To further exploit the MMTV‐R26Met cancer model, we established and molecularly/biologically characterized six mammary gland tumor (MGT) cell lines from individual MMTV‐R26Met tumors (Figure 3a). Four cell lines, MGT4, MGT9, MGT11, and MGT13 exhibited tumorigenic properties in vivo, illustrated by the formation of tumors when injected heterotopically into the flank of nude mice, whereas the two other lines, MGT2 and MGT7 did not (Figure 3b). The four tumorigenic cell lines exhibited oncogenic features, whereas the MGT2 and MGT7 cell lines did not. In particular, we observed increased MET mRNA and protein levels (Figure 3c; Figure S2a,b, Supporting Information), with a heterogeneity similar to that observed among MMTV‐R26Met tumors and reported in TNBC patients.[ 41 , 42 ] MGT4, MGT11, and MGT13 (not MGT9) cell lines were capable of forming tumor spheroids when grown in self‐renewal conditions (Figure 3d,e). MGT9 cells did not form spheroids, rather adhered to the low‐attachment culture dish, correlating with downregulation of proteins involved in stemness such as Notch/Jagged and PI3K/AKT/mTOR pathways (Figure S2c, Table S4, Supporting Information). Additionally, the tumorigenic cell lines were characterized by a high proliferation index, with a low proportion of cells in the G0 cell cycle phase (Figure S3a–d, Supporting Information). Cells of the tumorigenic lines also exhibited increased motility, particularly for MGT13 cells that display a rather mesenchymal‐like morphology compared with the other cell lines (Figure 3f; Figure S2a, Supporting Information). Furthermore, these cell lines also recapitulated the heterogeneity of p53 alterations observed in TNBC patients: p53 overexpression (likely oncogenic) in MGT4 and MGT9, decreased expression of p53 in MGT13, and comparable p53 levels in MGT11 (Figure S3e, Supporting Information).
Interestingly, the tumorigenic MGT cell lines (MGT4, MGT9, MGT11, and MGT13) were resistant to conventional chemotherapeutic agents, such as Docetaxel, Cisplatin, 5‐Fluorouracil (5′FU), and only partially sensitive to Doxorubicin, although only at high doses (Figure 3g). Furthermore, all these MGT cell lines were resistant to three drug combinations previously reported to be effective for TNBC treatment: combined inhibition of EGFR+MET, PI3K+MEK, and EGFR+PYK2[ 44 , 45 , 46 ] (Figure 3h). Together, these results show that the MMTV‐R26Met‐derived cell lines are a relevant model to study as well drug resistance, an important feature of TNBC.

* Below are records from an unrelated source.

lemma Gamma5_eq: "Gamma5 = mat_of_rows_list 4 [[1,0,0,0],[0,-1,0,0],[0,0,-1,0],[0,0,0,1]]"
  unfolding Gamma5_def Gamma1_eq Gamma2_eq Gamma3_eq Gamma4_eq
  by (rule eq_mat_4x4I) (simp_all add: mat_of_rows_list_carrier mult_carrier_mat[of _ 4 4 _ 4],
      simp_all add: scalar_prod_def eval_nat_numeral)

lemma Cconj_eq: "Cconj = mat_of_rows_list 4 [[0,0,0,-\<i>],[0,0,-\<i>,0],[0,\<i>,0,0],[\<i>,0,0,0]]"
  unfolding Cconj_def Gamma1_eq Gamma4_eq
  by (rule eq_mat_4x4I) (simp_all add: mat_of_rows_list_carrier mult_carrier_mat[of _ 4 4 _ 4],
      simp_all add: scalar_prod_def eval_nat_numeral)

lemma Gamma_carrier:
  "Gamma1 \<in> carrier_mat 4 4" "Gamma2 \<in> carrier_mat 4 4" "Gamma3 \<in> carrier_mat 4 4"
  "Gamma4 \<in> carrier_mat 4 4" "Gamma5 \<in> carrier_mat 4 4"
  by (simp_all add: Gamma1_eq Gamma2_eq Gamma3_eq Gamma4_eq Gamma5_eq mat_of_rows_list_carrier)

lemma Cconj_carrier: "Cconj \<in> carrier_mat 4 4"
  by (simp add: Cconj_eq mat_of_rows_list_carrier)

lemma slash_carrier: "slash x \<in> carrier_mat 4 4"
  using Gamma_carrier by (simp add: slash_def Gamma_def)

lemma Cconj_slash_carrier: "Cconj * slash x \<in> carrier_mat 4 4"
  using Cconj_carrier slash_carrier by (rule mult_carrier_mat)

lemma Cconj_slash_eq: "Cconj * slash x = mat_of_rows_list 4
   [[0, -\<i>*x$0 - \<i>*x$1, -\<i>*x$2 + x$3, -\<i>*x$4],
    [\<i>*x$0 + \<i>*x$1, 0, \<i>*x$4, -\<i>*x$2 - x$3],
    [\<i>*x$2 - x$3, -\<i>*x$4, 0, -\<i>*x$0 + \<i>*x$1],
    [\<i>*x$4, \<i>*x$2 + x$3, \<i>*x$0 - \<i>*x$1, 0]]"
  unfolding slash_def Gamma_def Cconj_eq Gamma1_eq Gamma2_eq Gamma3_eq Gamma4_eq Gamma5_eq
  by (rule eq_mat_4x4I) (simp_all add: mat_of_rows_list_carrier mult_carrier_mat[of _ 4 4 _ 4],
      simp_all add: scalar_prod_def eval_nat_numeral algebra_simps)

lemma Cconj_skew: "transpose_mat Cconj = - Cconj"
  unfolding Cconj_eq by (rule eq_mat_4x4I) (simp_all add: mat_of_rows_list_carrier)

lemma Cconj_slash_skew: "transpose_mat (Cconj * slash x) = - (Cconj * slash x)"
  unfolding Cconj_slash_eq by (rule eq_mat_4x4I) (simp_all add: mat_of_rows_list_carrier)

lemma mink_self: "mink x x = - x$0 * x$0 + x$1 * x$1 + x$2 * x$2 + x$3 * x$3 + x$4 * x$4"
  by (simp add: mink_def eval_nat_numeral atLeastLessThanSuc add.assoc)

lemma pf4_Cconj_slash: "pf4 (Cconj * slash x) 0 1 2 3 = mink x x"
  unfolding Cconj_slash_eq pf4_def mink_self by (simp add: algebra_simps)

lemma ket_carrier: "ket p z i \<in> carrier_vec 4"
  using carrier_matD(1)[OF slash_carrier] by (intro carrier_vecI) (simp add: ket_def)

lemma angle2_eq:
  assumes "dim_vec (z k) = 4"
  shows "angle2 p z i k = ket p z i \<bullet> ((Cconj * slash (p k)) *\<^sub>v z k)"
proof -
  have "z k \<in> carrier_vec 4" using assms by (rule carrier_vecI)
  then show ?thesis
    unfolding angle2_def ket_def by (simp add: assoc_mult_mat_vec[OF Cconj_carrier slash_carrier])
qed

lemma angle2_antisym: "angle2 p z i k = - angle2 p z k i"
  unfolding angle2_def
  by (rule skew_scalar_prod_mult_mat_vec[OF Cconj_skew Cconj_carrier ket_carrier ket_carrier])

lemma Wmat_carrier: "Wmat n p z j \<in> carrier_mat 4 n"
  by (simp add: Wmat_def)

lemma col_Wmat:
  assumes "x < n" "dim_vec (z j) = 4"
  shows "col (Wmat n p z j) x = (if x = j then z j else ket p z x)"
  using assms carrier_vecD[OF ket_carrier, of p z x] by (intro eq_vecI) (auto simp: Wmat_def)

lemma Mmat_congruence:
  "Mmat n p z j = transpose_mat (Wmat n p z j) * (Cconj * slash (p j)) * Wmat n p z j"
  unfolding Mmat_def
  using Wmat_carrier[of n p z j] Cconj_carrier slash_carrier[of "p j"]
  by (simp add: assoc_mult_mat[of _ n 4 _ 4 _ 4])

lemma Mmat_carrier: "Mmat n p z j \<in> carrier_mat n n"
  unfolding Mmat_congruence
  by (metis Cconj_slash_carrier Wmat_carrier mult_carrier_mat transpose_carrier_mat)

2.3. Signaling Network Analysis of MMTV‐R26Met Tumor Derived Cells
To further characterize MMTV‐R26Met MGT cells, we examined their signaling status by RPPA and subsequent bioinformatics analysis (247 epitopes, listed in Table S2, Supporting Information). The signaling profiles highlighted two major features, as illustrated by principal component analysis (PCA). First, the tumorigenic MGT4, MGT9, MGT11, and MGT13 cells clearly segregate from the two types of nontumorigenic cells: MGT7 and MGT2 (Figure 4a; Figure S4a, Table S4, Supporting Information). MGT2 cells, which express very low level of MET, can be considered as pretumorigenic. It is therefore tempting to speculate that critical levels of MET might establish a threshold for a tumorigenic switch, while higher MET levels are associated with aggressiveness. Second, the four tumorigenic MMTV‐R26Met MGT cell lines fall into two distinct TNBC subtypes that we named “subtype A” for MGT4, MGT9, MGT11, and “subtype B” for MGT13 (Figure 4a; Figure S3a, Table S4, Supporting Information). These two subtypes display distinct phenotypic features and MET levels (Figure S2a,b, Supporting Information). Strikingly, by PCA analysis we could segregate into “subtype A” and “subtype B” both MMTV‐R26Met MGT cells and tumors (Figure 4b). Additionally, we identified ARID1A, Claudin‐7, and E‐Cadherin as hallmark of the “subtype A” (Figure 4c; Table S5, Supporting Information).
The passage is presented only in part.